# [DATA]
--*--

lemma not_stable_config_if_invaded:
  assumes "J \<noteq> {}" "\<forall>j\<in>J. th' j \<notin> supp (mu j)"
    and "\<And>e. 0 < e \<Longrightarrow> e < 1 \<Longrightarrow> \<exists>b'\<in>B1 (post_entry mu J th' (\<lambda>_. e)).
           (\<forall>th\<in>suppP mu. b' th = b th) \<and>
           (\<forall>j\<in>J. \<exists>t\<in>supp (mu j). avg_fit \<pi> (post_entry mu J th' (\<lambda>_. e)) b' j t
                                 \<le> avg_fit \<pi> (post_entry mu J th' (\<lambda>_. e)) b' j (th' j)) \<and>
           \<not> balanced \<pi> (post_entry mu J th' (\<lambda>_. e)) b'"
  shows "\<not> stable_config \<pi> mu b"
proof
  assume "stable_config \<pi> mu b"
  then obtain ebar where "0 < ebar" "ebar < 1" and invasion_fails:
    "\<And>eps. (\<forall>j\<in>J. 0 < eps j \<and> eps j < 1) \<and> (\<forall>j\<in>J. eps j < ebar) \<Longrightarrow>
       \<forall>b'\<in>B1 (post_entry mu J th' eps). (\<forall>th\<in>suppP mu. b' th = b th) \<longrightarrow>
         (\<exists>j\<in>J. \<forall>t\<in>supp (mu j). avg_fit \<pi> (post_entry mu J th' eps) b' j t >
                                   avg_fit \<pi> (post_entry mu J th' eps) b' j (th' j))
         \<or> balanced \<pi> (post_entry mu J th' eps) b'"
    using assms(1,2) unfolding stable_config_def by (metis (no_types, lifting))
  define e where "e = ebar / 2"
  have e: "0 < e" "e < 1" "e < ebar"
    using \<open>0 < ebar\<close> \<open>ebar < 1\<close> by (simp_all add: e_def)
  obtain b' where "b' \<in> B1 (post_entry mu J th' (\<lambda>_. e))" "\<forall>th\<in>suppP mu. b' th = b th"
    and weakly_fitter: "\<forall>j\<in>J. \<exists>t\<in>supp (mu j). avg_fit \<pi> (post_entry mu J th' (\<lambda>_. e)) b' j t
                                 \<le> avg_fit \<pi> (post_entry mu J th' (\<lambda>_. e)) b' j (th' j)"
    and "\<not> balanced \<pi> (post_entry mu J th' (\<lambda>_. e)) b'"
    using assms(3)[OF e(1,2)] by blast
  then have "\<exists>j\<in>J. \<forall>t\<in>supp (mu j). avg_fit \<pi> (post_entry mu J th' (\<lambda>_. e)) b' j t >
                                   avg_fit \<pi> (post_entry mu J th' (\<lambda>_. e)) b' j (th' j)"
    using invasion_fails[of "\<lambda>_. e"] e by blast
  with weakly_fitter show False
    by (meson not_less)
qed
text \<open>A graph of maximum degree two is a disjoint union of paths and cycles, so a
  component contains at most two vertices of degree at most one.\<close>
lemma max_degree_two_no_three_ends:
  assumes "finite K" "\<forall>e\<in>K. card e = 2" "\<forall>z. deg K z \<le> 2"
    and "deg K a \<le> 1" "deg K b \<le> 1" "deg K d \<le> 1"
    and "a \<noteq> b" "a \<noteq> d" "b \<noteq> d"
    and "reachable K a b" "reachable K a d"
  shows False
  using assms
proof (induction "card K" arbitrary: K a b d rule: less_induct)
  case less
  note hyps = less.prems
  have "deg K a \<noteq> 0"
    using reachable_from_isolated[OF hyps(1) _ hyps(10)] hyps(7) by auto
  with hyps(4) have "deg K a = 1" by simp
  then obtain e0 where e0: "{e\<in>K. a \<in> e} = {e0}"
    unfolding deg_def by (meson card_1_singletonE)
  then have "e0 \<in> K" "a \<in> e0" by auto
  with hyps(2) obtain a' where a': "e0 = {a, a'}" "a' \<noteq> a"
    by (meson card_2_obtain_other)
  define K' where "K' = K - {e0}"
  have finite': "finite K'" using hyps(1) unfolding K'_def by simp
  have card': "card K' < card K"
    unfolding K'_def using card_Diff1_less[OF hyps(1) \<open>e0 \<in> K\<close>] .
  have deg_le: "deg K' z \<le> deg K z" for z
    unfolding K'_def deg_def using hyps(1) by (intro card_mono) auto
  have "deg K' a' = deg K a' - 1"
  proof -
    have "{e\<in>K'. a' \<in> e} = {e\<in>K. a' \<in> e} - {e0}" unfolding K'_def by auto
    then show ?thesis
      unfolding deg_def using a'(1) \<open>e0 \<in> K\<close> hyps(1) by simp
  qed
  have reach_b: "reachable K' a' b" and reach_d: "reachable K' a' d"
    using reachable_delete_pendant_edge[OF e0[unfolded a'(1)] a'(2)] hyps(7-11)
    unfolding K'_def a'(1) by auto
  show False
  proof (cases "a' = b \<or> a' = d")
    case True
    then have "deg K' a' = 0"
      using \<open>deg K' a' = deg K a' - 1\<close> hyps(5,6) by auto
    then have "b = a'" "d = a'"
      using reachable_from_isolated[OF finite'] reach_b reach_d by blast+
    with hyps(9) show False by simp
  next
    case False
    show False
    proof (rule less.hyps[OF card' finite' _ _ _ _ _ _ _ hyps(9) reach_b reach_d])
      show "\<forall>e\<in>K'. card e = 2" using hyps(2) unfolding K'_def by blast
      show "\<forall>z. deg K' z \<le> 2" using deg_le hyps(3) order_trans by blast
      show "deg K' a' \<le> 1" using \<open>deg K' a' = deg K a' - 1\<close> hyps(3)[rule_format, of a'] by linarith
      show "deg K' b \<le> 1" "deg K' d \<le> 1" using deg_le[of b] deg_le[of d] hyps(5,6) by linarith+
      show "a' \<noteq> b" "a' \<noteq> d" using False by simp_all
    qed
  qed
qed

definition proper_edge_colouring :: "nat \<Rightarrow> 'a set set \<Rightarrow> ('a set \<Rightarrow> nat) \<Rightarrow> bool" where
  "proper_edge_colouring k M c \<longleftrightarrow>
     (\<forall>e\<in>M. c e < k) \<and> (\<forall>e\<in>M. \<forall>e'\<in>M. e \<noteq> e' \<and> e \<inter> e' \<noteq> {} \<longrightarrow> c e \<noteq> c e')"

definition missing_colours :: "nat \<Rightarrow> 'a set set \<Rightarrow> ('a set \<Rightarrow> nat) \<Rightarrow> 'a \<Rightarrow> nat set" where
  "missing_colours k M c z = {g. g < k \<and> (\<forall>e\<in>M. z \<in> e \<longrightarrow> c e \<noteq> g)}"
text \<open>Here \<open>u = g - p\<close> satisfies \<open>u\<^sup>3 = u\<close>, so \<open>u\<^sup>2 = 1\<close> as \<open>u\<close> is a unit; expanding,
  \<open>g + p - 2gp = 1\<close>, and multiplying by \<open>g\<close> gives \<open>gp = 0\<close>, whence \<open>g = 1 - p\<close>.\<close>
lemma strongly_star_clean_idempotent_self_adjoint:
  assumes inv: "is_involution st" and "strongly_star_clean st" and g: "g * g = g"
  shows "st g = g"
proof -
  obtain p u where h: "g = p + u" "projection st p" "u \<in> units_of_ring" "p * u = u * p"
    using assms(2) unfolding strongly_star_clean_def by blast
  have p: "p * p = p" by (use h(2) in \<open>simp add: projection_def\<close>)
  have gp: "g * p = p * g" using h(1,4) by (simp add: distrib_left distrib_right)
  have u: "u = g - p" using h(1) by simp
  obtain w where w: "w * u = 1" using h(3) by (auto simp: units_of_ring_def)
  have "w * (u * u * u) = w * u"
    using commuting_idempotents_diff_cube[OF g p gp] u by simp
  with w have "u * u = 1" by (simp flip: mult.assoc)
  then have sq: "g + p - (g * p + g * p) = 1" using u g p gp by (simp add: algebra_simps)
  have "g * (g * p) = g * p" using g by (metis mult.assoc)
  then have "g * (g + p - (g * p + g * p)) = g - g * p"
    using g by (simp add: distrib_left right_diff_distrib)
  with sq have "g * p = 0" by simp
  with sq have "g = 1 - p" by (simp add: eq_diff_eq)
  then show ?thesis using projection_one_minus[OF inv h(2)] by (simp add: projection_def)
qed

lemma idempotent_corner_zero_if_idempotents_self_adjoint:
  fixes st :: "'a::ring_1 \<Rightarrow> 'a" and e x :: 'a
  assumes inv: "is_involution st" and P: "\<And>g. g * g = g \<Longrightarrow> st g = g"
    and e: "e * e = e"
  shows "e * x * (1 - e) = 0"
proof -
  define y where "y = e * x * (1 - e)"
  have ey: "e * y = y" unfolding y_def using e by (metis mult.assoc)
  have ye: "y * e = 0" unfolding y_def using e by (simp add: mult.assoc algebra_simps)
  have "y * y = 0" by (metis ey ye mult.assoc mult_zero_left)
  then have "(e + y) * (e + y) = e + y" using e ey ye by (simp add: distrib_left distrib_right)
  then have "st (e + y) = e + y" by (rule P)
  moreover have "st (e + y) = e + (1 - e) * st x * e"
    unfolding y_def using P[OF e] by (simp add: involution_add[OF inv] involution_mult[OF inv]
        involution_diff[OF inv] involution_one[OF inv] mult.assoc)
  ultimately have "y = (1 - e) * st x * e" by simp
  moreover have "e * (1 - e) = 0" using e by (simp add: right_diff_distrib)
  ultimately have "e * y = 0" by (metis mult.assoc mult_zero_left)
  with ey show ?thesis by (simp add: y_def)
qed

lemma idempotent_central_if_idempotents_self_adjoint:
  fixes st :: "'a::ring_1 \<Rightarrow> 'a" and e x :: 'a
  assumes inv: "is_involution st" and P: "\<And>g. g * g = g \<Longrightarrow> st g = g"
    and e: "e * e = e"
  shows "e * x = x * e"
proof -
  have e': "(1 - e) * (1 - e) = 1 - e" using e by (simp add: algebra_simps)
  have "e * x * (1 - e) = 0"
    using inv P e by (rule idempotent_corner_zero_if_idempotents_self_adjoint)
  then have "e * x = e * x * e" by (simp add: right_diff_distrib)
  moreover have "(1 - e) * x * (1 - (1 - e)) = 0"
    using inv P e' by (rule idempotent_corner_zero_if_idempotents_self_adjoint)
  then have "x * e = e * x * e" by (simp add: left_diff_distrib)
  ultimately show ?thesis by simp
qed

lemma strongly_J_star_clean_imp_strongly_star_clean:
  assumes inv: "is_involution st" and S: "strongly_J_star_clean st"
  shows "strongly_star_clean st"
  unfolding strongly_star_clean_def
proof
  fix a
  obtain e u where h: "a = e + u" "projection st e" "u \<in> jacobson" "a * e = e * a"
    using S unfolding strongly_J_star_clean_def by blast
  have e: "e * e = e" using h(2) by (simp add: projection_def)
  have eu: "e * u = u * e" using h e by (simp add: algebra_simps)
  define x where "x = e + e - 1"
  have xx: "x * x = 1" using e by (simp add: x_def algebra_simps)
  have "x + u \<in> units_of_ring" using xx xx h(3) by (rule unit_add_jacobson)
  moreover have "a = (1 - e) + (x + u)" using h(1) by (simp add: x_def algebra_simps)
  moreover have "(1 - e) * (x + u) = (x + u) * (1 - e)" using eu e by (simp add: x_def algebra_simps)
  ultimately show "\<exists>e u. a = e + u \<and> projection st e \<and> u \<in> units_of_ring \<and> e * u = u * e"
    using projection_one_minus[OF inv h(2)] by blast
qed

lemma strongly_J_clean_imp_strongly_J_star_clean:
  fixes st :: "'a::ring_1 \<Rightarrow> 'a"
  assumes S: "strongly_J_clean TYPE('a)" and P: "\<And>g. g * g = g \<Longrightarrow> st g = g"
  shows "strongly_J_star_clean st"
  unfolding strongly_J_star_clean_def
proof
  fix a :: 'a
  obtain e u where "a = e + u" "idempotent e" "u \<in> jacobson" "a * e = e * a"
    using S unfolding strongly_J_clean_def by blast
  moreover from \<open>idempotent e\<close> have "projection st e"
    using P by (simp add: idempotent_def projection_def)
  ultimately show "\<exists>e u. a = e + u \<and> projection st e \<and> u \<in> jacobson \<and> a * e = e * a" by blast
qed

lemma abelian_J_star_clean_imp_strongly_J_star_clean:
  fixes st :: "'a::ring_1 \<Rightarrow> 'a"
  assumes A: "abelian_ring TYPE('a)" and S: "J_star_clean st"
  shows "strongly_J_star_clean st"
  unfolding strongly_J_star_clean_def
proof
  fix a :: 'a
  obtain e u where "a = e + u" "projection st e" "u \<in> jacobson"
    using S unfolding J_star_clean_def by blast
  moreover from \<open>projection st e\<close> have "a * e = e * a"
    using A by (simp add: abelian_ring_def idempotent_def projection_def)
  ultimately show "\<exists>e u. a = e + u \<and> projection st e \<and> u \<in> jacobson \<and> a * e = e * a" by blast
qed

theorem proposition2p1:
  fixes st :: "'a::ring_1 \<Rightarrow> 'a"
  assumes "is_involution st"
  shows "(strongly_J_star_clean st \<longleftrightarrow>
            strongly_J_clean TYPE('a) \<and> strongly_star_clean st) \<and>
         (strongly_J_star_clean st \<longleftrightarrow>
            abelian_ring TYPE('a) \<and> J_star_clean st)"
proof -
  have weaker_notions: "strongly_J_clean TYPE('a) \<and> J_star_clean st" if "strongly_J_star_clean st"
    using that unfolding strongly_J_star_clean_def strongly_J_clean_def J_star_clean_def
      projection_def idempotent_def by blast
  have abelian: "abelian_ring TYPE('a)" if "strongly_J_star_clean st"
    unfolding abelian_ring_def idempotent_def
    using idempotent_central_if_idempotents_self_adjoint[OF assms]
      strongly_J_star_clean_idempotent_self_adjoint[OF that] by blast
  have "strongly_J_star_clean st"
    if "strongly_J_clean TYPE('a)" "strongly_star_clean st"
    using that(1) strongly_star_clean_idempotent_self_adjoint[OF assms that(2)]
    by (rule strongly_J_clean_imp_strongly_J_star_clean)
  with weaker_notions abelian show ?thesis
    using strongly_J_star_clean_imp_strongly_star_clean[OF assms]
      abelian_J_star_clean_imp_strongly_J_star_clean by blast
qed

end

--*--

# [GOAL OF THE EXERCISE]
In your reply, restate exactly the lines from the start of the records above through the line holding "(\<forall>j\<in>J. \<exists>t\<in>supp (mu", including both, and nothing else.

# [TASK SOLUTION]
lemma not_stable_config_if_invaded:
  assumes "J \<noteq> {}" "\<forall>j\<in>J. th' j \<notin> supp (mu j)"
    and "\<And>e. 0 < e \<Longrightarrow> e < 1 \<Longrightarrow> \<exists>b'\<in>B1 (post_entry mu J th' (\<lambda>_. e)).
           (\<forall>th\<in>suppP mu. b' th = b th) \<and>
           (\<forall>j\<in>J. \<exists>t\<in>supp (mu j). avg_fit \<pi> (post_entry mu J th' (\<lambda>_. e)) b' j t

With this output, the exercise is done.